I had to stop thinking about the laundry that needed folding and putting in different bedrooms while playing legos with my boy (he wants BIG bridges). I also had to halt my “one toy only” ruling. What is the point of making an epic bridge if I won’t allow him to send his cars over and under it? What is the point of making a very interesting dinner (baby rubber ducks and plastic crisps/Pringles, dubbed ‘Crispy Duck’) if he can’t feed it to his stuffed toys?

I had to look intensely at my boy and my husband to realise that they were so much more important than whether I had emptied the dishwasher before leaving for work. Remember that enjoying their company and their time for me was so much more precious than knowing I had a spotless floor (which doesn’t stay that way for more than an hour when the boy is awake and in the house).

I realised that I have so much more than cleaning, laundry and cooking to offer my family, that is more vital than ironed clothes, a complex meal on the table every night, or the knowledge that I descale the taps every week.

Life is sweeter when you don’t sweat the small stuff

Will the sky fall down if I don’t sweep daily? No, it will stay resolutely above our heads. Will we die of malnutrition if we have soup and sandwiches or beans on toast a few times per week? No, it just makes life that little bit more manageable.

Just being mummy means giving all of your attention to this little growing person who wants to feel validated, appreciated and loved. They want to show off their new accomplishments, they want your full attention focused on them when they are trying to achieve something.

The question I have to ask myself is, “Do I want to remember the day when I had a spotless house or the day my baby learned something new?” I have had to learn what is important to our lives and happiness.

T: Mummy! It’s a dinosaur*!

Me: Really? That’s amazing!

T: It’s a stegosaurus.

T: Mummy, Mummy, I drawed a chicken. Look!

Me: Wow! I have never seen a green chicken before.

*It actually looked like a diagram of lacto baccillus.

It was the first time that he started drawing things that had a passing (stylised or abstract) resemblance to the object he was trying to draw. I want that memory untainted because I might previously have been trying to stack the dishwasher, hang laundry or clean the bathroom. I want to remember the day that my boy learned about structural reinforcement while building a giant bridge out of Duplo; I don’t want to have missed it because I was trying to fit the rest of my chores around spending time with my boy.
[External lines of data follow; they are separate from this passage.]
lemma isCont_mbl_value:
  assumes "\<forall>\<^sub>F b' in nhds b. \<exists>y. mbl_feasible A G b' x y"
    and "\<And>y. mbl_feasible A G b x y \<Longrightarrow> c \<le> mbl_objective cx cy x y"
  shows "isCont (mbl_value A G cx cy x) b"
proof -
  have "\<forall>\<^sub>F b' in nhds b. \<forall>y. mbl_feasible A G b' x y \<longrightarrow> c - 1 \<le> mbl_objective cx cy x y"
    using assms(2) by (rule eventually_mbl_objective_bounded_below)
  with assms(1) have "\<forall>\<^sub>F b' in nhds b. (\<exists>y. mbl_feasible A G b' x y) \<and>
      (\<forall>y. mbl_feasible A G b' x y \<longrightarrow> c - 1 \<le> mbl_objective cx cy x y)"
    by (rule eventually_conj)
  then obtain r where "r > 0" and r: "\<And>b'. b' \<in> ball b r \<Longrightarrow> (\<exists>y. mbl_feasible A G b' x y) \<and>
      (\<forall>y. mbl_feasible A G b' x y \<longrightarrow> c - 1 \<le> mbl_objective cx cy x y)"
    by (auto simp: eventually_nhds_metric dist_commute)
  have "convex_on (ball b r) (mbl_value A G cx cy x)"
    using r by (intro convex_on_mbl_value) auto
  then have "continuous_on (ball b r) (mbl_value A G cx cy x)"
    by (intro convex_on_continuous) auto
  then show ?thesis
    using \<open>r > 0\<close> by (simp add: continuous_on_eq_continuous_at)
qed

lemma finite_binary_vectors: "finite {x::real^'n. \<forall>j. x $ j \<in> {0, 1}}"
proof (rule finite_subset)
  show "{x::real^'n. \<forall>j. x $ j \<in> {0, 1}} \<subseteq> vec_lambda ` (UNIV \<rightarrow>\<^sub>E {0, 1})"
  proof
    fix x :: "real^'n" assume "x \<in> {x. \<forall>j. x $ j \<in> {0, 1}}"
    then have "vec_nth x \<in> UNIV \<rightarrow>\<^sub>E {0, 1}" by auto
    then show "x \<in> vec_lambda ` (UNIV \<rightarrow>\<^sub>E {0, 1})"
      by (metis image_eqI vec_nth_inverse)
  qed
qed (intro finite_imageI finite_PiE; simp)

lemma mbl_value_eq_objective_if_optimal:
  assumes "mbl_optimal A G cx cy b x y"
  shows "mbl_value A G cx cy x b = mbl_objective cx cy x y"
  unfolding mbl_value_def using assms
  by (intro cInf_eq_minimum) (force simp: mbl_epigraph_def mbl_optimal_def)+

lemma eventually_lt_mbl_objective:
  assumes "isCont f b" and "(b, f b) \<notin> mbl_epigraph A G cx cy x"
  shows "\<forall>\<^sub>F b' in nhds b. \<forall>y. mbl_feasible A G b' x y \<longrightarrow> f b' < mbl_objective cx cy x y"
proof -
  obtain e where e: "e > 0"
    "\<forall>\<^sub>F b' in nhds b. \<forall>y. mbl_feasible A G b' x y \<longrightarrow> f b + e < mbl_objective cx cy x y"
    using assms(2) by (blast dest: eventually_mbl_objective_gt)
  have "(f \<longlongrightarrow> f b) (nhds b)"
    using assms(1) by (simp add: isCont_def tendsto_at_iff_tendsto_nhds)
  then have "\<forall>\<^sub>F b' in nhds b. f b' < f b + e"
    using e(1) by (simp add: order_tendstoD(2))
  with e(2) show ?thesis
    by eventually_elim force
qed

lemma mbl_optimal_integer_part_unique:
  assumes others: "\<forall>x \<in> {x. \<forall>j. x $ j \<in> {0, 1}} - {xs}. \<forall>y.
                     mbl_feasible A G b x y \<longrightarrow> mbl_value A G cx cy xs b < mbl_objective cx cy x y"
    and "\<forall>y. mbl_feasible A G b xs y \<longrightarrow> c \<le> mbl_objective cx cy xs y"
    and "\<exists>y. mbl_feasible A G b xs y"
  shows "(\<exists>y. mbl_optimal A G cx cy b xs y) \<and> (\<forall>x y. mbl_optimal A G cx cy b x y \<longrightarrow> x = xs)"
proof -
  obtain y where y: "mbl_feasible A G b xs y" "mbl_objective cx cy xs y = mbl_value A G cx cy xs b"
    "\<And>y'. mbl_feasible A G b xs y' \<Longrightarrow> mbl_objective cx cy xs y \<le> mbl_objective cx cy xs y'"
    using assms(2,3) mbl_value_attained by metis
  have other_gt: "mbl_objective cx cy xs y < mbl_objective cx cy x y'"
    if "mbl_feasible A G b x y'" "x \<noteq> xs" for x y'
    using others that y(2) by (auto simp: mbl_feasible_def)
  have "mbl_optimal A G cx cy b xs y"
    unfolding mbl_optimal_def using y other_gt by (metis less_le)
  moreover have "x = xs" if "mbl_optimal A G cx cy b x y'" for x y'
    using that y other_gt[of x y'] unfolding mbl_optimal_def by fastforce
  ultimately show ?thesis
    by blast
qed
definition DeltaNegQ :: "(nat \<Rightarrow> nat) \<Rightarrow> (nat \<Rightarrow> nat \<Rightarrow> real) \<Rightarrow> (nat \<Rightarrow> nat) \<Rightarrow> real" where
  "DeltaNegQ m q d = DeltaQ q (negaDigits m d)"

definition betaP :: "(nat \<Rightarrow> nat \<Rightarrow> real) \<Rightarrow> nat \<Rightarrow> nat \<Rightarrow> real" where
  "betaP p c n = (\<Sum>i<c. p i n)"

definition tildeP :: "(nat \<Rightarrow> nat) \<Rightarrow> (nat \<Rightarrow> nat \<Rightarrow> real) \<Rightarrow> nat \<Rightarrow> nat \<Rightarrow> real" where
  "tildeP m p i n = (if odd n then p i n else p (m n - i) n)"

definition tildeBeta :: "(nat \<Rightarrow> nat) \<Rightarrow> (nat \<Rightarrow> nat \<Rightarrow> real) \<Rightarrow> nat \<Rightarrow> nat \<Rightarrow> real" where
  "tildeBeta m p i n = (if odd n then betaP p i n else betaP p (m n - i) n)"

definition digitseq :: "(nat \<Rightarrow> nat) \<Rightarrow> (nat \<Rightarrow> nat) \<Rightarrow> bool" where
  "digitseq m d \<longleftrightarrow> (\<forall>n\<ge>1. d n \<le> m n)"

end

theory Submission
  imports Defs
begin

text \<open>The value \<open>\<Delta>\<^sup>Q\<close> of a digit sequence is monotone in the lexicographic order of digit
  sequences, and a lexicographically smaller sequence can have the same value only if its digits
  are maximal (\<open>d\<^sub>n = m\<^sub>n\<close>) from the first difference on. With \<open>c\<close> the ordinary \<open>Q\<close>-digits of
  \<open>x = \<Delta>\<^sup>-\<^sup>Q\<^sub>d\<close>, the event \<open>\<eta> < x\<close> is therefore, up to countably many events that fix every digit
  of \<open>\<xi>\<close> and hence have probability \<open>\<Prod>p = 0\<close>, the disjoint union over \<open>k\<close> of the events
  "\<open>\<xi>\<close> agrees with \<open>c\<close> at the first \<open>k\<close> positions and \<open>\<xi>\<^sub>k\<^sub>+\<^sub>1 < c\<^sub>k\<^sub>+\<^sub>1\<close>", of probability
  \<open>\<beta>\<^bsub>c\<^sub>k\<^sub>+\<^sub>1,k+1\<^esub> \<Prod>\<^sub>j\<^sub>\<le>\<^sub>k p\<^bsub>c\<^sub>j,j\<^esub>\<close>. Since \<open>c\<^sub>n = m\<^sub>n - d\<^sub>n\<close> at even \<open>n\<close>, this is the claimed series.\<close>

locale Q_matrix =
  fixes m :: "nat \<Rightarrow> nat" and q :: "nat \<Rightarrow> nat \<Rightarrow> real"
  assumes q_pos: "\<And>n i. n \<ge> 1 \<Longrightarrow> i \<le> m n \<Longrightarrow> q i n > 0"
    and q_sum: "\<And>n. n \<ge> 1 \<Longrightarrow> (\<Sum>i\<le>m n. q i n) = 1"
begin

lemma aQ_nonneg: "n \<ge> 1 \<Longrightarrow> i \<le> m n \<Longrightarrow> aQ q i n \<ge> 0"
  unfolding aQ_def by (intro sum_nonneg) (auto intro: less_imp_le[OF q_pos])

lemma aQ_plus_q: "aQ q i n + q i n = (\<Sum>l<Suc i. q l n)"
  unfolding aQ_def by simp

lemma aQ_plus_q_le_aQ:
  assumes "n \<ge> 1" "i < i'" "i' \<le> m n"
  shows "aQ q i n + q i n \<le> aQ q i' n"
  unfolding aQ_plus_q unfolding aQ_def
  using assms by (intro sum_mono2) (auto intro: less_imp_le[OF q_pos])

lemma aQ_plus_q_max: "n \<ge> 1 \<Longrightarrow> aQ q (m n) n + q (m n) n = 1"
  using q_sum unfolding aQ_plus_q by (simp add: lessThan_Suc_atMost)

lemma aQ_plus_q_less_1:
  assumes "n \<ge> 1" "i < m n"
  shows "aQ q i n + q i n < 1"
  using aQ_plus_q_le_aQ[OF assms order_refl] aQ_plus_q_max[OF assms(1)] q_pos[OF assms(1), of "m n"]
  by simp

lemma aQ_plus_q_le_1: "n \<ge> 1 \<Longrightarrow> i \<le> m n \<Longrightarrow> aQ q i n + q i n \<le> 1"
  using aQ_plus_q_less_1 aQ_plus_q_max by (cases "i = m n") (auto intro: less_imp_le)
Making being mummy and everything else fit

Some things just can’t be left. However, the desire to be validated and learn new things extends to some of our chores. My little man has his own sweeping brush (a full-size head on a shortened handle) and he loves to sweep the rugs. He is very good at cleaning the (non-breakable) things that don’t fit in the dishwasher – in addition, it’s a grand reason to play with water and splash with mummy’s permission. He enjoys cleaning the tables with a damp cloth and then drying them with a tea-towel.

Now I’ve got just being mummy down, and I keep working at it every day, we’ll see how I remember to just be me.